Stored data:
+++++
(* Let $K\ge2$, $1<\theta<\frac32$, $T>0$, and let $\boldsymbol\xi=(\xi_1,\dots,\xi_K)$ be $C^1$ on $[T,\infty)$ satisfying $$\dot\xi_1=-t^{-1}\gamma_1\big(e^{-(\xi_2-\xi_1)}-1\big)+r_1(t),$$ $$\dot\xi_k=t^{-1}\Big(\gamma_{k-1}\big(e^{-(\xi_k-\xi_{k-1})}-1\big)-\gamma_k\big(e^{-(\xi_{k+1}-\xi_k)}-1\big)\Big)+r_k(t),\quad 2\le k\le K-1,$$ $$\dot\xi_K=t^{-1}\gamma_{K-1}\big(e^{-(\xi_K-\xi_{K-1})}-1\big)+r_K(t),$$ where $\gamma_k=\frac{k(K-k)}{2}$ and $|r_k(t)|\le Ct^{-\theta}$, and assume $\big|\sum_{k=1}^K\xi_k(t)\big|\le Ct^{-\theta+1}$ for all $t\ge T$. Then $\xi_k(t)=O(t^{-\theta+1})$ as $t\to\infty$ for every $k=1,\dots,K$. *)

theory Defs
  imports "HOL-Analysis.Analysis" "HOL-Library.Landau_Symbols"
begin

definition gam :: "nat \<Rightarrow> nat \<Rightarrow> real" where
  "gam K k = real k * (real K - real k) / 2"

end

theory Submission
  imports Defs
begin

text \<open>Write \<open>y\<^sub>k = \<xi>\<^sub>k\<^sub>+\<^sub>1 - \<xi>\<^sub>k\<close> for the gaps and \<open>F\<^sub>k = \<gamma>\<^sub>k (exp (- y\<^sub>k) - 1)\<close> for the fluxes,
  so that \<open>\<xi>\<^sub>k' = (F\<^sub>k\<^sub>-\<^sub>1 - F\<^sub>k) / t + r\<^sub>k\<close> with \<open>F\<^sub>0 = F\<^sub>K = 0\<close>. The energy
  \<open>E = \<Sum>\<^sub>k \<gamma>\<^sub>k (exp (- y\<^sub>k) - 1 + y\<^sub>k)\<close> satisfies \<open>E' = - D / t - \<Sum>\<^sub>k (F\<^sub>k\<^sub>-\<^sub>1 - F\<^sub>k) r\<^sub>k\<close> with
  dissipation \<open>D = \<Sum>\<^sub>k (F\<^sub>k\<^sub>-\<^sub>1 - F\<^sub>k)\<^sup>2\<close>, and a discrete Hardy inequality gives
  \<open>D \<ge> exp (- Y) E\<close> whenever all gaps are at most \<open>Y\<close>. The resulting differential inequality
  \<open>E' \<le> - (a / t) E + B t\<^sup>1\<^sup>-\<^sup>2\<^sup>\<theta>\<close> is used three times: with \<open>a = 0\<close> (so \<open>E\<close> and hence the
  gaps are bounded above), with a small \<open>a > 0\<close> (so \<open>E \<rightarrow> 0\<close> and the gaps become small), and with
  \<open>a = \<theta> - 1/2 > 2\<theta> - 2\<close>, which yields \<open>E = O(t\<^sup>2\<^sup>-\<^sup>2\<^sup>\<theta>)\<close>. As \<open>E\<close> dominates \<open>y\<^sub>k\<^sup>2 / 8\<close>, the gaps
  are \<open>O(t\<^sup>1\<^sup>-\<^sup>\<theta>)\<close>, and the bound on \<open>\<Sum>\<^sub>k \<xi>\<^sub>k\<close> then controls every \<open>\<xi>\<^sub>k\<close>.\<close>

definition expgap :: "real \<Rightarrow> real" where
  "expgap y = exp (- y) - 1 + y"

lemma expgap_nonneg: "0 \<le> expgap y"
  using exp_ge_add_one_self[of "- y"] by (simp add: expgap_def)

lemma expgap_ge_linear: "y - 1 \<le> expgap y"
  by (simp add: expgap_def less_imp_le)

lemma expgap_ge_square:
  assumes "y \<le> 2"
  shows "y\<^sup>2 / 4 \<le> expgap y"
proof -
  have "1 - y/2 \<le> exp (- y/2)"
    using exp_ge_add_one_self[of "- y/2"] by simp
  then have "(1 - y/2)\<^sup>2 \<le> (exp (- y/2))\<^sup>2"
    using assms by (intro power_mono) auto
  also have "(exp (- y/2))\<^sup>2 = exp (- y)"
    by (simp add: power2_eq_square flip: exp_add)
  finally show ?thesis
    by (simp add: expgap_def power2_eq_square algebra_simps)
qed

lemma expgap_mono:
  assumes "0 \<le> x" "x \<le> y"
  shows "expgap x \<le> expgap y"
proof -
  have "exp (- x) * (1 + (x - y)) \<le> exp (- x) * exp (x - y)"
    using exp_ge_add_one_self[of "x - y"] by (intro mult_left_mono) auto
  also have "\<dots> = exp (- y)"
    by (simp flip: exp_add)
  finally have "exp (- x) * (1 + (x - y)) \<le> exp (- y)" .
  moreover have "0 \<le> (1 - exp (- x)) * (y - x)"
    using assms by simp
  ultimately show ?thesis
    by (simp add: expgap_def algebra_simps)
qed

lemma exp_neg_mult_expgap_le: "exp (- y) * expgap y \<le> (exp (- y) - 1)\<^sup>2"
proof -
  have "0 \<le> exp y - 1 - y"
    using exp_ge_add_one_self[of y] by linarith
  then have "0 \<le> exp (- y) * (exp y - 1 - y)"
    by simp
  also have "exp (- y) * (exp y - 1 - y) = 1 - exp (- y) - y * exp (- y)"
    by (simp add: algebra_simps exp_minus)
  finally show ?thesis
    by (simp add: expgap_def power2_eq_square algebra_simps)
qed

lemma neg_mult_le_weighted_squares:
  fixes e t d r :: real
  assumes "e > 0" "t > 0"
  shows "- (d * r) \<le> (e/t) * d\<^sup>2 + (t / (4*e)) * r\<^sup>2"
proof -
  have "0 \<le> (2*e*d + t*r)\<^sup>2 / (4*e*t)"
    using assms by simp
  also have "\<dots> = (e/t) * d\<^sup>2 + (t / (4*e)) * r\<^sup>2 + d * r"
    using assms by (simp add: field_simps power2_eq_square)
  finally show ?thesis by simp
qed

lemma diff_mult_diff_sq_div_le:
  fixes a b p q :: real
  assumes "p \<ge> 0" "q \<ge> 0" "p = 0 \<Longrightarrow> a = 0" "q = 0 \<Longrightarrow> b = 0"
  shows "(p - q) * (a\<^sup>2/p - b\<^sup>2/q) \<le> (a - b)\<^sup>2"
proof (cases "p = 0 \<or> q = 0")
  case True
  then show ?thesis
    using assms by (auto simp: power2_eq_square)
next
  case False
  have "0 \<le> p * q * (a/p - b/q)\<^sup>2"
    using assms by simp
  also have "\<dots> = (a - b)\<^sup>2 - (p - q) * (a\<^sup>2/p - b\<^sup>2/q)"
    using False by (simp add: field_simps power2_eq_square)
  finally show ?thesis by simp
qed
+++++
Task to carry out: Return all lines from the data that include the string "close".

Response to this exercise:
text \<open>Write \<open>y\<^sub>k = \<xi>\<^sub>k\<^sub>+\<^sub>1 - \<xi>\<^sub>k\<close> for the gaps and \<open>F\<^sub>k = \<gamma>\<^sub>k (exp (- y\<^sub>k) - 1)\<close> for the fluxes,
  so that \<open>\<xi>\<^sub>k' = (F\<^sub>k\<^sub>-\<^sub>1 - F\<^sub>k) / t + r\<^sub>k\<close> with \<open>F\<^sub>0 = F\<^sub>K = 0\<close>. The energy
  \<open>E = \<Sum>\<^sub>k \<gamma>\<^sub>k (exp (- y\<^sub>k) - 1 + y\<^sub>k)\<close> satisfies \<open>E' = - D / t - \<Sum>\<^sub>k (F\<^sub>k\<^sub>-\<^sub>1 - F\<^sub>k) r\<^sub>k\<close> with
  dissipation \<open>D = \<Sum>\<^sub>k (F\<^sub>k\<^sub>-\<^sub>1 - F\<^sub>k)\<^sup>2\<close>, and a discrete Hardy inequality gives
  \<open>D \<ge> exp (- Y) E\<close> whenever all gaps are at most \<open>Y\<close>. The resulting differential inequality
  \<open>E' \<le> - (a / t) E + B t\<^sup>1\<^sup>-\<^sup>2\<^sup>\<theta>\<close> is used three times: with \<open>a = 0\<close> (so \<open>E\<close> and hence the
  gaps are bounded above), with a small \<open>a > 0\<close> (so \<open>E \<rightarrow> 0\<close> and the gaps become small), and with
  \<open>a = \<theta> - 1/2 > 2\<theta> - 2\<close>, which yields \<open>E = O(t\<^sup>2\<^sup>-\<^sup>2\<^sup>\<theta>)\<close>. As \<open>E\<close> dominates \<open>y\<^sub>k\<^sup>2 / 8\<close>, the gaps
  are \<open>O(t\<^sup>1\<^sup>-\<^sup>\<theta>)\<close>, and the bound on \<open>\<Sum>\<^sub>k \<xi>\<^sub>k\<close> then controls every \<open>\<xi>\<^sub>k\<close>.\<close>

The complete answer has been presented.